Task goal – Below are some records; work out how many of their lines contain "prems" and give the number only.

Entries provided –
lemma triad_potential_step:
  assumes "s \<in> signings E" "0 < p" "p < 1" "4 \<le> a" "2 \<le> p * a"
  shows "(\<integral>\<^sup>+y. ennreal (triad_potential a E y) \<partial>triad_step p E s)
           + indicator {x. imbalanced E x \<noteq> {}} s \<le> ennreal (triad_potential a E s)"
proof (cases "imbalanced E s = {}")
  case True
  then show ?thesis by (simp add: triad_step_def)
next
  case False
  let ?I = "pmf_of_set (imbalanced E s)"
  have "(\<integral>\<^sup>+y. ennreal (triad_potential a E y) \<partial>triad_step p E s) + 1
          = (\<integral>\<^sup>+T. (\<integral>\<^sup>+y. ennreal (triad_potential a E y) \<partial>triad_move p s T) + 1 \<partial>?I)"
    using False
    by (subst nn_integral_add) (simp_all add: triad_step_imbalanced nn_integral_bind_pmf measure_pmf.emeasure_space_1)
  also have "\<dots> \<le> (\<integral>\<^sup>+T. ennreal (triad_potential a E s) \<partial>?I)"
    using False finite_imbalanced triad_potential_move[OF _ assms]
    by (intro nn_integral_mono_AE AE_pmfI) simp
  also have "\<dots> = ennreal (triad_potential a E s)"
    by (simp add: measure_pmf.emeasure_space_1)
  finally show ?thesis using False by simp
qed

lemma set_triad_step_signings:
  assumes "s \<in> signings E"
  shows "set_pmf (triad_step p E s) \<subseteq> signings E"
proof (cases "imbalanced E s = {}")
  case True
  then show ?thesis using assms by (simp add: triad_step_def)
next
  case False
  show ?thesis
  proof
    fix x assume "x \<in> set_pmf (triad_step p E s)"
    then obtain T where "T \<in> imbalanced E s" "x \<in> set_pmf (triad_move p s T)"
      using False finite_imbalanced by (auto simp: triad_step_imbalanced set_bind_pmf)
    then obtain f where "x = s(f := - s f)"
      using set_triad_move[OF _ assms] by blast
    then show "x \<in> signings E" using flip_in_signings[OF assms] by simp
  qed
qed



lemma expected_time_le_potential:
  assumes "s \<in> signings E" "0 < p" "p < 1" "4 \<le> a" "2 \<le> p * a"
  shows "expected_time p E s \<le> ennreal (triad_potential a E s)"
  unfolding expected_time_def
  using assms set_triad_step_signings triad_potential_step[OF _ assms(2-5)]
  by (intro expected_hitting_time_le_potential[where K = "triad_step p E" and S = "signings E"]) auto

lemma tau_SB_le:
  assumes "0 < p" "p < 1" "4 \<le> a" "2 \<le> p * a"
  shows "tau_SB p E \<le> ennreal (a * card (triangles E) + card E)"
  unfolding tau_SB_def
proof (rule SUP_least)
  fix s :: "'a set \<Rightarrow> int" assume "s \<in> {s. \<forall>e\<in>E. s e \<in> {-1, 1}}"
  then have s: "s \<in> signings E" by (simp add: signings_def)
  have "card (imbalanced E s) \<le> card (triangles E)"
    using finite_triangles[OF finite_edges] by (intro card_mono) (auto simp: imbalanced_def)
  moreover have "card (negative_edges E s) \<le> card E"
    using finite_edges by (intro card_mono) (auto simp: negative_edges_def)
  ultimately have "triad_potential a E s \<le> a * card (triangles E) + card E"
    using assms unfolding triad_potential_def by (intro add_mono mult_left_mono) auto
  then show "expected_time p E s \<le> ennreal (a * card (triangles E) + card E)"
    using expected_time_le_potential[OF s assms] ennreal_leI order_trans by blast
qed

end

...

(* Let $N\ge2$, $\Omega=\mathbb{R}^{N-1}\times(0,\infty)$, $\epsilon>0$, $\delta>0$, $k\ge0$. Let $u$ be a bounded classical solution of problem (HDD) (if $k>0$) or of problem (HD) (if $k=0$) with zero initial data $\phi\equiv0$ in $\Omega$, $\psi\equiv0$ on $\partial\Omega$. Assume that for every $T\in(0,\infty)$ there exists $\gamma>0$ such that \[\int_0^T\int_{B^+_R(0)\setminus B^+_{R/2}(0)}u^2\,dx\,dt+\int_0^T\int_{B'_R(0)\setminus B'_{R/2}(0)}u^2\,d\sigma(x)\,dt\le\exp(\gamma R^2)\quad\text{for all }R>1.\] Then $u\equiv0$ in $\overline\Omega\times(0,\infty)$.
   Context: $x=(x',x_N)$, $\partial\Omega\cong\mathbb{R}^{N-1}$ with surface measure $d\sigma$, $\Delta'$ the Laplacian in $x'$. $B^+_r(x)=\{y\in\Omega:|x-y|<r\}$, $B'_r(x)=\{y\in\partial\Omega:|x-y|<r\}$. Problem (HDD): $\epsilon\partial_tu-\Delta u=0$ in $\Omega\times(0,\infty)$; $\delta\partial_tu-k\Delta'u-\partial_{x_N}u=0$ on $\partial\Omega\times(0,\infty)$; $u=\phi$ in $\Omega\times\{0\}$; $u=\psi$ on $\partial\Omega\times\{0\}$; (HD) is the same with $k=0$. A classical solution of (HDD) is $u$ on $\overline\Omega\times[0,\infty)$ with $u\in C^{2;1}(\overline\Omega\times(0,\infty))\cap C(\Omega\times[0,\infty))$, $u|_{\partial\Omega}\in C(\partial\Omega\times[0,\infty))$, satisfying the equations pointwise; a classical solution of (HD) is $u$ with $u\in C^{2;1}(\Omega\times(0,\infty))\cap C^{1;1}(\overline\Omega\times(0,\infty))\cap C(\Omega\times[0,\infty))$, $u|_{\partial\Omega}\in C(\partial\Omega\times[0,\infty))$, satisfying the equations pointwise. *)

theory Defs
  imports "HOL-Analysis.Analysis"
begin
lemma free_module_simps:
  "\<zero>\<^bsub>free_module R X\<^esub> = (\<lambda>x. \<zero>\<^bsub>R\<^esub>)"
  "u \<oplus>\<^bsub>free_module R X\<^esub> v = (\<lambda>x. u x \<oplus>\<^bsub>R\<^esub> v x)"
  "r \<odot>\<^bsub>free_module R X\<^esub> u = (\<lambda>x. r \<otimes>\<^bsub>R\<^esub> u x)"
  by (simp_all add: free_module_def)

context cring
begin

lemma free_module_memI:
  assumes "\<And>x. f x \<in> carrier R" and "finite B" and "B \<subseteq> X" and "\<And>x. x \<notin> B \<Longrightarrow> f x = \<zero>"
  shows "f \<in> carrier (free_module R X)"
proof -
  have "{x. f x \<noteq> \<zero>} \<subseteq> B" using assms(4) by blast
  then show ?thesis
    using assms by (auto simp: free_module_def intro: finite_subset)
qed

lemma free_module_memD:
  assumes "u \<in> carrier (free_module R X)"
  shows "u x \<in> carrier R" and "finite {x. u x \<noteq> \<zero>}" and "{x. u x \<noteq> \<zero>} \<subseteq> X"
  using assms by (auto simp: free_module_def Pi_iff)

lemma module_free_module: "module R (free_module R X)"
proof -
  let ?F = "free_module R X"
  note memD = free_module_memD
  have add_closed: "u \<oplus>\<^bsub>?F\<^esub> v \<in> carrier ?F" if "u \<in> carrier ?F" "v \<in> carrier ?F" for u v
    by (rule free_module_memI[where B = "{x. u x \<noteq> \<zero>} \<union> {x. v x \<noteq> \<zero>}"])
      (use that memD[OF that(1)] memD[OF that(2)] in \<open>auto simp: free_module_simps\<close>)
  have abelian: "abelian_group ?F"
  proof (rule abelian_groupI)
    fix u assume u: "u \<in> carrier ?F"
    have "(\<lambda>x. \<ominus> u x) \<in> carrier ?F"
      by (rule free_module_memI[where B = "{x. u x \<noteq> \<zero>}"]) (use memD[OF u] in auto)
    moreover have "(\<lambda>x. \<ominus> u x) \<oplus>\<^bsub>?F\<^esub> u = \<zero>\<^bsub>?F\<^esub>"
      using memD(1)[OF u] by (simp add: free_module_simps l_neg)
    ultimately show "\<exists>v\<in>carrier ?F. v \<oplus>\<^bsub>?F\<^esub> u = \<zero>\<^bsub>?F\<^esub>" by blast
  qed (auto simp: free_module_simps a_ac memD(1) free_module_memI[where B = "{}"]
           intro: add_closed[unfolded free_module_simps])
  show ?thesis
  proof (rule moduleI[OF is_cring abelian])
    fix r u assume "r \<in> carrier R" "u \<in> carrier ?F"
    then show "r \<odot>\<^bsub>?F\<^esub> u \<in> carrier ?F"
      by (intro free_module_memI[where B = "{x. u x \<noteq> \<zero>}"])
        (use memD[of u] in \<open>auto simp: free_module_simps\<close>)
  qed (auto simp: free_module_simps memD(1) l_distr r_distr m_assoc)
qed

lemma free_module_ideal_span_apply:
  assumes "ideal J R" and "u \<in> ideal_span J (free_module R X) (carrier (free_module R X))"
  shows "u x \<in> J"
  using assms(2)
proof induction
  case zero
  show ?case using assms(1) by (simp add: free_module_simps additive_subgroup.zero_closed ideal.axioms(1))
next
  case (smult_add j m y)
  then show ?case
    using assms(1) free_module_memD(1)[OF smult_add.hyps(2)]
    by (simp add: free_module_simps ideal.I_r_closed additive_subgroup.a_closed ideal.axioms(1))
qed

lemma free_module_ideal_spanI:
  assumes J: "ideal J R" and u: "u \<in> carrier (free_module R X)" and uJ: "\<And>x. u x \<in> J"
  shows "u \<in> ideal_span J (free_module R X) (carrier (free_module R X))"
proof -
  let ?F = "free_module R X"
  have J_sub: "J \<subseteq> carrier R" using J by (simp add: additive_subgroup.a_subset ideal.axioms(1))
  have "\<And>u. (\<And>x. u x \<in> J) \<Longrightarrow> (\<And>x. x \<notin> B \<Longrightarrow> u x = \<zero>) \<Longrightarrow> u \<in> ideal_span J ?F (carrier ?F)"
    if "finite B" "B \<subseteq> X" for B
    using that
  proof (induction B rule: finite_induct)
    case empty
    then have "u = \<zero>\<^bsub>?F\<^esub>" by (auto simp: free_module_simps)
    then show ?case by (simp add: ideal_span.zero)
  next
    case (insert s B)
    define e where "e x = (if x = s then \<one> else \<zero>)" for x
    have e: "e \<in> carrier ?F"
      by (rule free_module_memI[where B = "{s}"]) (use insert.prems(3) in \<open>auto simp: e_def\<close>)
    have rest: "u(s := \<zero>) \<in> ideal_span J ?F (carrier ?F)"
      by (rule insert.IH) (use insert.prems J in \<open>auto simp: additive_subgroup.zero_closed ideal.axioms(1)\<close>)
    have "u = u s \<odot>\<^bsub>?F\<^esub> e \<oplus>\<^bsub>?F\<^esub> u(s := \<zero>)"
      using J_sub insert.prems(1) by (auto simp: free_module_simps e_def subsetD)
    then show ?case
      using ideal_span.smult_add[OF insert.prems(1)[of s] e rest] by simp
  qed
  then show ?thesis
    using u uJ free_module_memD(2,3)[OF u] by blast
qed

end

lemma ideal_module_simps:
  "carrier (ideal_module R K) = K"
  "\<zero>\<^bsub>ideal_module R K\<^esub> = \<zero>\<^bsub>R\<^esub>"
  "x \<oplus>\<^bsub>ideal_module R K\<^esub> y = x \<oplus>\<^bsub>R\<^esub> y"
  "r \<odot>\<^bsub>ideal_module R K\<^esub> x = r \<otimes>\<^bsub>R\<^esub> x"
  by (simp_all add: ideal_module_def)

--

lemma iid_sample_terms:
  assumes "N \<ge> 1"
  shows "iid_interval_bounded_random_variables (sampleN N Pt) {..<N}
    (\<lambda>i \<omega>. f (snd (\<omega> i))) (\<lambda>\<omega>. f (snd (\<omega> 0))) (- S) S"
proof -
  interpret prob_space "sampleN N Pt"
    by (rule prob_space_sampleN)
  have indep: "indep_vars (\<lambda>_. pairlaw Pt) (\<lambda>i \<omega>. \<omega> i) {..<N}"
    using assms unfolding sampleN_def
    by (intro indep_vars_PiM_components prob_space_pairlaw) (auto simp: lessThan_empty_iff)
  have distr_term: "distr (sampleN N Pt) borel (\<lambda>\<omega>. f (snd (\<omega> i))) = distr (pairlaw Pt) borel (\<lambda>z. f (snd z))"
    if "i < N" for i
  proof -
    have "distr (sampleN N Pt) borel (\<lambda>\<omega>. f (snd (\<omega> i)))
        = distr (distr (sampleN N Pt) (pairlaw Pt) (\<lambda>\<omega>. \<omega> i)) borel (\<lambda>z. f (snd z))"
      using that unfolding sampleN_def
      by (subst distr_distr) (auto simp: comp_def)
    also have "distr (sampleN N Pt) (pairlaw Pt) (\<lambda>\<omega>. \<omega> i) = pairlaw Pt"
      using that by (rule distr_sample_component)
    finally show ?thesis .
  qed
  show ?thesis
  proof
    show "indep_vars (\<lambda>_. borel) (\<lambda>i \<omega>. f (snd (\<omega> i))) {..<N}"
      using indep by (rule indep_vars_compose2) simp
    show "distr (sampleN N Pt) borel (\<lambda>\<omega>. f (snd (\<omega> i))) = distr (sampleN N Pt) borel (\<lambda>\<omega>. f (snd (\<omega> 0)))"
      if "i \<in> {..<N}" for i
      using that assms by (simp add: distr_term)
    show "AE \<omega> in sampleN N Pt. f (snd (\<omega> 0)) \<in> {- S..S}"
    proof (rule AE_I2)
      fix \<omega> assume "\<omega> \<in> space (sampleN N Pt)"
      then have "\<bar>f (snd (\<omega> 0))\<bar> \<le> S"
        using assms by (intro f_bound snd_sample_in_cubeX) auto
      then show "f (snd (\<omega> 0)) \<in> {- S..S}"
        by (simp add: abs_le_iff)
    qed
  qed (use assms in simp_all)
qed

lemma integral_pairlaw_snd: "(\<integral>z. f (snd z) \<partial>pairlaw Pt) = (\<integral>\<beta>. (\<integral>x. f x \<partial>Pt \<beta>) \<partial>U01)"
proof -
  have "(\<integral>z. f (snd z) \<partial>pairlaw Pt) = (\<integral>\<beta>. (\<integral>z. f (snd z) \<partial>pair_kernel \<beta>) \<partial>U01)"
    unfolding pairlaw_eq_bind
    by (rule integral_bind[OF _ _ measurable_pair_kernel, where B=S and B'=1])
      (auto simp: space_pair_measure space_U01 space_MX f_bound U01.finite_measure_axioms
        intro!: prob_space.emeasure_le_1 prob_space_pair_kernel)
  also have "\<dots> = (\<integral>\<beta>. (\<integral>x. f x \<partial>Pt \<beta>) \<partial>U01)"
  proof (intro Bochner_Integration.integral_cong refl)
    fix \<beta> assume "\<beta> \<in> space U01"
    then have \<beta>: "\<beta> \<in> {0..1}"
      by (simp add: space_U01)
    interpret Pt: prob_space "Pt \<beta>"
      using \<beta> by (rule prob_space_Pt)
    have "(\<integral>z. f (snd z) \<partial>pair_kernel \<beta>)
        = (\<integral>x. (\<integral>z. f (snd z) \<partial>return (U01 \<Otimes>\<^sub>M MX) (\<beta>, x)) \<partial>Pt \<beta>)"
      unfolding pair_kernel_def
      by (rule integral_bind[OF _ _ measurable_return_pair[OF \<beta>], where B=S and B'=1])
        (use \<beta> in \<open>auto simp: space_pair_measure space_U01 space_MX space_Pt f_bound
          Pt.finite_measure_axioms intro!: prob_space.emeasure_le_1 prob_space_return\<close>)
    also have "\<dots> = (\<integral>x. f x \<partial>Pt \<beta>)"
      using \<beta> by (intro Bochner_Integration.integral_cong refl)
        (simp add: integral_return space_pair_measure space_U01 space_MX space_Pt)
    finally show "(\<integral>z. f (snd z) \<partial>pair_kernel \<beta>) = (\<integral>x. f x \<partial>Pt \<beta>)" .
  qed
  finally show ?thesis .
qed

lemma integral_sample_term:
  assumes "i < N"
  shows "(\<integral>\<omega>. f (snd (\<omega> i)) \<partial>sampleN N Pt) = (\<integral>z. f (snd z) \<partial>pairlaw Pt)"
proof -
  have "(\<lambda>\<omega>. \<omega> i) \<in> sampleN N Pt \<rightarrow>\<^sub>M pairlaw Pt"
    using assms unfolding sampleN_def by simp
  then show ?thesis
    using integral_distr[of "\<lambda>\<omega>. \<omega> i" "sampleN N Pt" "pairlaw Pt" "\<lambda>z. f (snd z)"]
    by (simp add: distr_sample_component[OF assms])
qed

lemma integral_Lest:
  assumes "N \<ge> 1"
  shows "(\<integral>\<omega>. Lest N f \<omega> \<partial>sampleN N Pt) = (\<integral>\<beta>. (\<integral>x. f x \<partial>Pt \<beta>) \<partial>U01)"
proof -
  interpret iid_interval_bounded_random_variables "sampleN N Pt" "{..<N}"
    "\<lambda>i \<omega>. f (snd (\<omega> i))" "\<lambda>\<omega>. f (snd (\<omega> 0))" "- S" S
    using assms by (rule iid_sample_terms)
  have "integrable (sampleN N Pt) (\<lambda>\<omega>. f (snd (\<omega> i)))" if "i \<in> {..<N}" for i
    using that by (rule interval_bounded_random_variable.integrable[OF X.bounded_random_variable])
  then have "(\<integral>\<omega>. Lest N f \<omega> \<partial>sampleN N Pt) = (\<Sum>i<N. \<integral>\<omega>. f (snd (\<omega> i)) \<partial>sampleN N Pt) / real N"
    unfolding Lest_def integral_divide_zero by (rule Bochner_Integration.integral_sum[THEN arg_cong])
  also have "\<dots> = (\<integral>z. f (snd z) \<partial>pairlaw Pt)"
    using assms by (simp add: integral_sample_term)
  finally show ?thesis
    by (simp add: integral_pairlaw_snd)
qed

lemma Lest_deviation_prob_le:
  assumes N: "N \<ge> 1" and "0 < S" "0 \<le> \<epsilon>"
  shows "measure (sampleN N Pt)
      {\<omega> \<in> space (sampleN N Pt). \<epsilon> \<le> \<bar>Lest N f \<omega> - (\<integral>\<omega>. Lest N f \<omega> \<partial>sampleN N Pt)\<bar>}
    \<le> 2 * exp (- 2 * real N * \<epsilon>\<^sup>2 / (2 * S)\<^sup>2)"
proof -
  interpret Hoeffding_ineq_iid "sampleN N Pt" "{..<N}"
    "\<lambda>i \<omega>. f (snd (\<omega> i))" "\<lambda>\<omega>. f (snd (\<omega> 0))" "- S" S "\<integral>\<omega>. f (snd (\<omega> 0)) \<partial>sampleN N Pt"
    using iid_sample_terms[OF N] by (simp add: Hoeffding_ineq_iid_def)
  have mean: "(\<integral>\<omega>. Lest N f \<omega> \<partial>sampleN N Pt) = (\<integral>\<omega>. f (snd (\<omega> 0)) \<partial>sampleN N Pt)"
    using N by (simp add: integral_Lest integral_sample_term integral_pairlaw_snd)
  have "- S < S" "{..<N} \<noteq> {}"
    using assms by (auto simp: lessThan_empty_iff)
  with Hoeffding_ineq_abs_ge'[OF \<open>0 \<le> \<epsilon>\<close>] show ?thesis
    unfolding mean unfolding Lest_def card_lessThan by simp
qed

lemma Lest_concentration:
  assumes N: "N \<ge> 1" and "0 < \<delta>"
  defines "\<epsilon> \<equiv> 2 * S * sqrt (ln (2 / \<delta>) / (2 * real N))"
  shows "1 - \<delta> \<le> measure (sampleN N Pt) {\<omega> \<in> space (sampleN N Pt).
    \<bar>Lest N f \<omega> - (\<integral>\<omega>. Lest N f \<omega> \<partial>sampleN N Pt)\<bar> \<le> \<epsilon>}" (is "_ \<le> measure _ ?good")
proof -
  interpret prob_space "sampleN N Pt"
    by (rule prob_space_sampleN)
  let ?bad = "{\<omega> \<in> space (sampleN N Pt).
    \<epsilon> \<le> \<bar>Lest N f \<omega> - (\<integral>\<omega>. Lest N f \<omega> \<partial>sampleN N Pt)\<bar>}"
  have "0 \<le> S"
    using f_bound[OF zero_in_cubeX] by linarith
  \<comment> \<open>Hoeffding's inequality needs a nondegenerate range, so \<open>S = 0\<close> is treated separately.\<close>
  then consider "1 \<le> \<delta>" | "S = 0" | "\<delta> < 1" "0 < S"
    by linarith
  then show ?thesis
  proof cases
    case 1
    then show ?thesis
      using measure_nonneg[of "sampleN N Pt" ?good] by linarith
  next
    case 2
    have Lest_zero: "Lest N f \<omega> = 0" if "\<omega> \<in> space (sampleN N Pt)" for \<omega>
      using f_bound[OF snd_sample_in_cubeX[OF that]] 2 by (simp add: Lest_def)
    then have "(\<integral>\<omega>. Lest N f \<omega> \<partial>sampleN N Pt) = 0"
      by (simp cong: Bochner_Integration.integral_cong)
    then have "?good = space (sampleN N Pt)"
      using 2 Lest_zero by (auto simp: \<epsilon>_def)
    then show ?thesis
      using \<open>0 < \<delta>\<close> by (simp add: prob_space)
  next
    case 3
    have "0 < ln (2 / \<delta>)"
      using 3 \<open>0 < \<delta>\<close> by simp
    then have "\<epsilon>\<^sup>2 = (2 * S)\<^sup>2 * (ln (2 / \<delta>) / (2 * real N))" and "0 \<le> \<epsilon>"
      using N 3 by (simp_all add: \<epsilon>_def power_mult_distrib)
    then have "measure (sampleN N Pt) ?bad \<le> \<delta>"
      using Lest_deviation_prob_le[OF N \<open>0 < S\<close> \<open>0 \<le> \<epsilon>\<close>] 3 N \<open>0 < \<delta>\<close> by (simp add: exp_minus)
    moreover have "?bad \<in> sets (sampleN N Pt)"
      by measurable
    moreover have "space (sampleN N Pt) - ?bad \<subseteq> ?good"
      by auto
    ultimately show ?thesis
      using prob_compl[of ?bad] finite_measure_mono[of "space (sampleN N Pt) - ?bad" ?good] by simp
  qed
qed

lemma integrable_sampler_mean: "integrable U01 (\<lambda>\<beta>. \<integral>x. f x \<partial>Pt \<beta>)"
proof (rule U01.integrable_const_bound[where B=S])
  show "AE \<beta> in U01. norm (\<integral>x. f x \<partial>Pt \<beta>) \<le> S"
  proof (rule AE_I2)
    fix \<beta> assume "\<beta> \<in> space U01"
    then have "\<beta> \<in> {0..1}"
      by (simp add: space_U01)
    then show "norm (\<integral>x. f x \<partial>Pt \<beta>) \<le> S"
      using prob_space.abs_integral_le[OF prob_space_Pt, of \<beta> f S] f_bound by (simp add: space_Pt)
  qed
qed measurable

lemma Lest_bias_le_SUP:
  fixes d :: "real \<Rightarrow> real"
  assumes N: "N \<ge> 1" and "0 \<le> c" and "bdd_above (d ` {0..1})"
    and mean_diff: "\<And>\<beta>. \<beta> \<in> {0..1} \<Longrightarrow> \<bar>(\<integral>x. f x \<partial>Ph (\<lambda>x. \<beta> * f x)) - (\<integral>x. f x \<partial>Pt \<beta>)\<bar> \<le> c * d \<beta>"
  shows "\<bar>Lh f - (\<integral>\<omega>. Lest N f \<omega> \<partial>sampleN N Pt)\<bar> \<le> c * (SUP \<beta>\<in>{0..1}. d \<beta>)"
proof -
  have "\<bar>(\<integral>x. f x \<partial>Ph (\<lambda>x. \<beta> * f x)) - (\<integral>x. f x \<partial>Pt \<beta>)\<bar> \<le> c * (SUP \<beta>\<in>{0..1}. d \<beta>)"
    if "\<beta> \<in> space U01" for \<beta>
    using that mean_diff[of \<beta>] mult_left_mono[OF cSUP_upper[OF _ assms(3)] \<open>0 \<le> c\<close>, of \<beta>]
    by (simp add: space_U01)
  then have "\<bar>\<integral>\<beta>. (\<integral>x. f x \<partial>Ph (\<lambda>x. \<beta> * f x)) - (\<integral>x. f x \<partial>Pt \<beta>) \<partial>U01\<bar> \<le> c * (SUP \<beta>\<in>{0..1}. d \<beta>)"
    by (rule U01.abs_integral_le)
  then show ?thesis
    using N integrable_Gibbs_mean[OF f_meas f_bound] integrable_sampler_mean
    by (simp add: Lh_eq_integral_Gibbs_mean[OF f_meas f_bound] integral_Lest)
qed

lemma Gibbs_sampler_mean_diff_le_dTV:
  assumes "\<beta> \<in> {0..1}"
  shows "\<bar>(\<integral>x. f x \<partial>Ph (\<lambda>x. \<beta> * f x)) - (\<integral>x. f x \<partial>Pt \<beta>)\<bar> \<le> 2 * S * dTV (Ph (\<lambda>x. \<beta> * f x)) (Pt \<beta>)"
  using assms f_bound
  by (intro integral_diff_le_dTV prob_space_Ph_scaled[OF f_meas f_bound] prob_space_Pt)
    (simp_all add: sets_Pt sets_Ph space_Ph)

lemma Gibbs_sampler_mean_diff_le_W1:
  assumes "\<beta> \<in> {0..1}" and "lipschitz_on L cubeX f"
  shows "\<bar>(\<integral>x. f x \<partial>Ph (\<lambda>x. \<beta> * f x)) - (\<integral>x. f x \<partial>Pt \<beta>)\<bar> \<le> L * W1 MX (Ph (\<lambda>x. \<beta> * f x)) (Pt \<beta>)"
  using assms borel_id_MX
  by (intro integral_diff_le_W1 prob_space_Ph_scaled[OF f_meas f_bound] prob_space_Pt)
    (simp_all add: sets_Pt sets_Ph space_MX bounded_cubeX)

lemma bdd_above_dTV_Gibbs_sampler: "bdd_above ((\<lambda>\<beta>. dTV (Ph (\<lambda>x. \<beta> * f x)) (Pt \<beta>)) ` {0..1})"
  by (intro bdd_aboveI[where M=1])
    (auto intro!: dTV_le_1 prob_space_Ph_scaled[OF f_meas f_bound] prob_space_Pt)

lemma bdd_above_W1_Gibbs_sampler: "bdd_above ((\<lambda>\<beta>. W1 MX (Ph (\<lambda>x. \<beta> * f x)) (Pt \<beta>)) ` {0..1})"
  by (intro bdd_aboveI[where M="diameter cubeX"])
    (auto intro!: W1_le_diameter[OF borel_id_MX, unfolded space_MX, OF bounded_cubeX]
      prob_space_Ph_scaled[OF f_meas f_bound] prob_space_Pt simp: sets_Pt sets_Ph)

Task response – 4